[[ Source data open ]]

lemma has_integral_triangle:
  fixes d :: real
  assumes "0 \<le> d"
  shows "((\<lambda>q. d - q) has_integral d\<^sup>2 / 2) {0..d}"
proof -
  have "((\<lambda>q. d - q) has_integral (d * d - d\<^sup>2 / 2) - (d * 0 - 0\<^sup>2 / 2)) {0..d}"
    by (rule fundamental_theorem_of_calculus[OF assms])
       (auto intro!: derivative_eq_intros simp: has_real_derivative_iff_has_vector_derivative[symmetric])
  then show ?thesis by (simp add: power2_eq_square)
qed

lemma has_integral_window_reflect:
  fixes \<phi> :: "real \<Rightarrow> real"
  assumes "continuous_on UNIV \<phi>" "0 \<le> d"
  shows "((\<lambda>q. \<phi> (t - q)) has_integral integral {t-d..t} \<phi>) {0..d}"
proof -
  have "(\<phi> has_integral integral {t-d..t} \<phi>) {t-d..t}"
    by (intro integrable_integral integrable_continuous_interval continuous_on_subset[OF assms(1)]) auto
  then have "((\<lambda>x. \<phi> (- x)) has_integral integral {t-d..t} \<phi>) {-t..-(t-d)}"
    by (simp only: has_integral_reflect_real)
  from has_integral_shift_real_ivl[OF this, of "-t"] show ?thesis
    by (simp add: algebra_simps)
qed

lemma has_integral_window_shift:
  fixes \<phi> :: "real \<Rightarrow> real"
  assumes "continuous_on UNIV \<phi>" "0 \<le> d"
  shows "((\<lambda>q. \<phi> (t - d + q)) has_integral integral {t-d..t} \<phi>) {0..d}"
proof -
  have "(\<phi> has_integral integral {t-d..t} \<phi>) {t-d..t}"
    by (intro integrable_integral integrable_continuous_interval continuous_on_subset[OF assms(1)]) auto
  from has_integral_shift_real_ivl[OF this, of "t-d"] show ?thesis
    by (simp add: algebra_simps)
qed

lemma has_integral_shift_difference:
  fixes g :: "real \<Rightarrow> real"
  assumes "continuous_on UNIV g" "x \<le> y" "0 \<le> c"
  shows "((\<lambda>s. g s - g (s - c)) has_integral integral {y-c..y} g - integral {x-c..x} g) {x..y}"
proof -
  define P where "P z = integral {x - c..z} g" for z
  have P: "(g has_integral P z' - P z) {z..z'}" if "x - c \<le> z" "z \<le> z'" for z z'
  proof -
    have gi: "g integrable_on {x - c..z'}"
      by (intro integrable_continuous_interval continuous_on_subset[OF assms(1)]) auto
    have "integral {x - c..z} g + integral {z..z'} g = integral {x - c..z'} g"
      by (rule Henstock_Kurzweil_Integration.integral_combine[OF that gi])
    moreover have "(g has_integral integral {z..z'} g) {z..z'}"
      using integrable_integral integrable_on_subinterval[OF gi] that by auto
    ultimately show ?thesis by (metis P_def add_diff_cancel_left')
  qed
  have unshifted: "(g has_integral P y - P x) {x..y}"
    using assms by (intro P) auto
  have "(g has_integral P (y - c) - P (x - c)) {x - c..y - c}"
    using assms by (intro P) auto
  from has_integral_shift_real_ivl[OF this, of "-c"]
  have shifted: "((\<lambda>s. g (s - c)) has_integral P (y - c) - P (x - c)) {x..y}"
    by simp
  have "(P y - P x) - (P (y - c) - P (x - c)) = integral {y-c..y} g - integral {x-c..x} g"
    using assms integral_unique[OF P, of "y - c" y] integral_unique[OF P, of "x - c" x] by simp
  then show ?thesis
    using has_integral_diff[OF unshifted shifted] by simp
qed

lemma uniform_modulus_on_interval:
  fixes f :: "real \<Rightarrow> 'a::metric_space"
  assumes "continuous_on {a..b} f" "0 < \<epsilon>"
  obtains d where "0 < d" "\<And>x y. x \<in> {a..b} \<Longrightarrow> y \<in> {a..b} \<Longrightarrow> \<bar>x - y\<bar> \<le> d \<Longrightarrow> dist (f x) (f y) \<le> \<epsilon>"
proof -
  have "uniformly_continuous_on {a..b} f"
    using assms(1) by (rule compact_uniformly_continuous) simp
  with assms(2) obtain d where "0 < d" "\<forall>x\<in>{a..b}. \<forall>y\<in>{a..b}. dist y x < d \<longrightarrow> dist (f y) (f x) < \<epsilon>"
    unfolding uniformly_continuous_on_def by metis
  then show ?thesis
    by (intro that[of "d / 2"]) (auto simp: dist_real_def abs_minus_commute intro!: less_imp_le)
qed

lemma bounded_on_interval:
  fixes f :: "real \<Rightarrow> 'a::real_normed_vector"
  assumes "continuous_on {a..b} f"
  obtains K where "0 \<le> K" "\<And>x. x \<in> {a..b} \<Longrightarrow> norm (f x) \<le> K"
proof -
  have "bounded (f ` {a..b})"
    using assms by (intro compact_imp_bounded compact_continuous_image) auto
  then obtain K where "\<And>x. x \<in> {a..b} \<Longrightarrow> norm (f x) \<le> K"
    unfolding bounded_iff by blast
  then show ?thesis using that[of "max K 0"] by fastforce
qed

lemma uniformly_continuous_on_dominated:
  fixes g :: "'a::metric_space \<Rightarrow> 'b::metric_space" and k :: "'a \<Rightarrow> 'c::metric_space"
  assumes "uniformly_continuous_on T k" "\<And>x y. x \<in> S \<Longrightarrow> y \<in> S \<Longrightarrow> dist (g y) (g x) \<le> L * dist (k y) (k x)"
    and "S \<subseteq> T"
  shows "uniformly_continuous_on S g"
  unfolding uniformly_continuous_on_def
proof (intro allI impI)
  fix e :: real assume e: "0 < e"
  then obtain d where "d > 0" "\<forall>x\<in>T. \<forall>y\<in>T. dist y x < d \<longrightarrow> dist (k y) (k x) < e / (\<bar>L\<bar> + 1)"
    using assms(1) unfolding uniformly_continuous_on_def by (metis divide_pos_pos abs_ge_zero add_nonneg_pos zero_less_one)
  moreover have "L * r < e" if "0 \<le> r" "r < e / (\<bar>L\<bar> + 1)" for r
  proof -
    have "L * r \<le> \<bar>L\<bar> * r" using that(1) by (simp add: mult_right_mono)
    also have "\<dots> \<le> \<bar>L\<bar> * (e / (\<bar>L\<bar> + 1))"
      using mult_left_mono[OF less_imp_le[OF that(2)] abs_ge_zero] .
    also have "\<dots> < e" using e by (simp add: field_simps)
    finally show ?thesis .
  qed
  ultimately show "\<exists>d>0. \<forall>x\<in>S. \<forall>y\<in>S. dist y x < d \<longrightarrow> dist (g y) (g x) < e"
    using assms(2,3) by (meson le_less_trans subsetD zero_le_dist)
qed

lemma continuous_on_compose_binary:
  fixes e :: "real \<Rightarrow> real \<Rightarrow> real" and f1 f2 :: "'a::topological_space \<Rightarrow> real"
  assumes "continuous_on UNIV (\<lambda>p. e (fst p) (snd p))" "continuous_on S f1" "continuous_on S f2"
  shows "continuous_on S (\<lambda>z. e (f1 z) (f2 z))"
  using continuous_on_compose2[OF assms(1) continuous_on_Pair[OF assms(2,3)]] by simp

[[ Source data closed ]]

## About this task:
Your answer should hold every line of the entries that contains the string "dots".

## Written response:
    also have "\<dots> \<le> \<bar>L\<bar> * (e / (\<bar>L\<bar> + 1))"
    also have "\<dots> < e" using e by (simp add: field_simps)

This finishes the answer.